## Your instructions
When a line in the data below includes "simp", count it; then give only the total.

Collected data:
lemma tilde_parallel_along_iff:
  fixes \<phi> :: "real^2 \<Rightarrow> real"
  assumes \<phi>: "smooth_on M \<phi>" "\<forall>x\<in>M. \<phi> x > 0" and \<gamma>: "C1_path_in M \<gamma> \<gamma>'"
  shows "tilde_parallel_along M \<Gamma> \<phi> \<gamma> \<gamma>' v \<longleftrightarrow> parallel_along \<Gamma> \<gamma> \<gamma>' (\<lambda>t. \<phi> (\<gamma> t) *\<^sub>R v t)"
proof -
  define k where "k t = frechet_derivative (\<lambda>x. ln (\<phi> x)) (at (\<gamma> t) within M) (\<gamma>' t)" for t
  define P where "P t = chr (\<Gamma> (\<gamma> t)) (\<gamma>' t)" for t
  define lg where "lg t = ln (\<phi> (\<gamma> t))" for t
  define u where "u t = \<phi> (\<gamma> t) *\<^sub>R v t" for t
  have \<phi>_nonzero: "\<phi> (\<gamma> s) \<noteq> 0" if "s \<in> {0..1}" for s
    using \<phi>(2) C1_path_in_mem[OF \<gamma> that] by fastforce
  have P_scale: "P t (s *\<^sub>R x) = s *\<^sub>R P t x" for t s x
    using chr_linear_right[of _ _ s x 0 x] unfolding P_def by simp
  have pointwise: "(v has_vector_derivative - (P t (v t) + k t *\<^sub>R v t)) (at t within {0..1})
      \<longleftrightarrow> (u has_vector_derivative - P t (u t)) (at t within {0..1})" if t: "t \<in> {0..1}" for t
  proof -
    have exp_lg: "exp (lg s) = \<phi> (\<gamma> s)" if "s \<in> {0..1}" for s
      unfolding lg_def using \<phi>(2) C1_path_in_mem[OF \<gamma> that] by simp
    have \<phi>t: "\<phi> (\<gamma> t) > 0"
      using \<phi>(2) C1_path_in_mem[OF \<gamma> t] by blast
    have lg': "(lg has_real_derivative k t) (at t within {0..1})"
      unfolding lg_def k_def has_real_derivative_iff_has_vector_derivative
      by (rule has_vector_derivative_ln_along_path[OF \<phi> \<gamma> t])
    show ?thesis
    proof
      assume v': "(v has_vector_derivative - (P t (v t) + k t *\<^sub>R v t)) (at t within {0..1})"
      have "((\<lambda>s. exp (lg s) *\<^sub>R v s) has_vector_derivative
          exp (lg t) *\<^sub>R (- (P t (v t) + k t *\<^sub>R v t)) + (exp (lg t) * k t) *\<^sub>R v t) (at t within {0..1})"
        by (rule has_vector_derivative_scaleR[OF DERIV_chain2[OF DERIV_exp lg'] v'])
      then have "((\<lambda>s. exp (lg s) *\<^sub>R v s) has_vector_derivative - P t (u t)) (at t within {0..1})"
        by (rule has_vector_derivative_eq_rhs) (simp add: u_def exp_lg[OF t] P_scale algebra_simps)
      from has_vector_derivative_transform[OF t _ this]
      show "(u has_vector_derivative - P t (u t)) (at t within {0..1})"
        by (simp add: u_def exp_lg)
    next
      assume u': "(u has_vector_derivative - P t (u t)) (at t within {0..1})"
      have "((\<lambda>s. exp (- lg s) *\<^sub>R u s) has_vector_derivative
          exp (- lg t) *\<^sub>R (- P t (u t)) + (exp (- lg t) * - k t) *\<^sub>R u t) (at t within {0..1})"
        by (rule has_vector_derivative_scaleR[OF DERIV_chain2[OF DERIV_exp DERIV_minus[OF lg']] u'])
      then have "((\<lambda>s. exp (- lg s) *\<^sub>R u s) has_vector_derivative - (P t (v t) + k t *\<^sub>R v t))
          (at t within {0..1})"
        using exp_lg[OF t] \<phi>t
        by (elim has_vector_derivative_eq_rhs) (simp add: u_def exp_minus P_scale algebra_simps)
      then show "(v has_vector_derivative - (P t (v t) + k t *\<^sub>R v t)) (at t within {0..1})"
        by (elim has_vector_derivative_transform[OF t, rotated]) (simp add: u_def exp_minus exp_lg \<phi>_nonzero)
    qed
  qed
  then show ?thesis
    unfolding tilde_parallel_along_def parallel_along_def u_def[symmetric] P_def k_def by blast
qed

## Written reply
6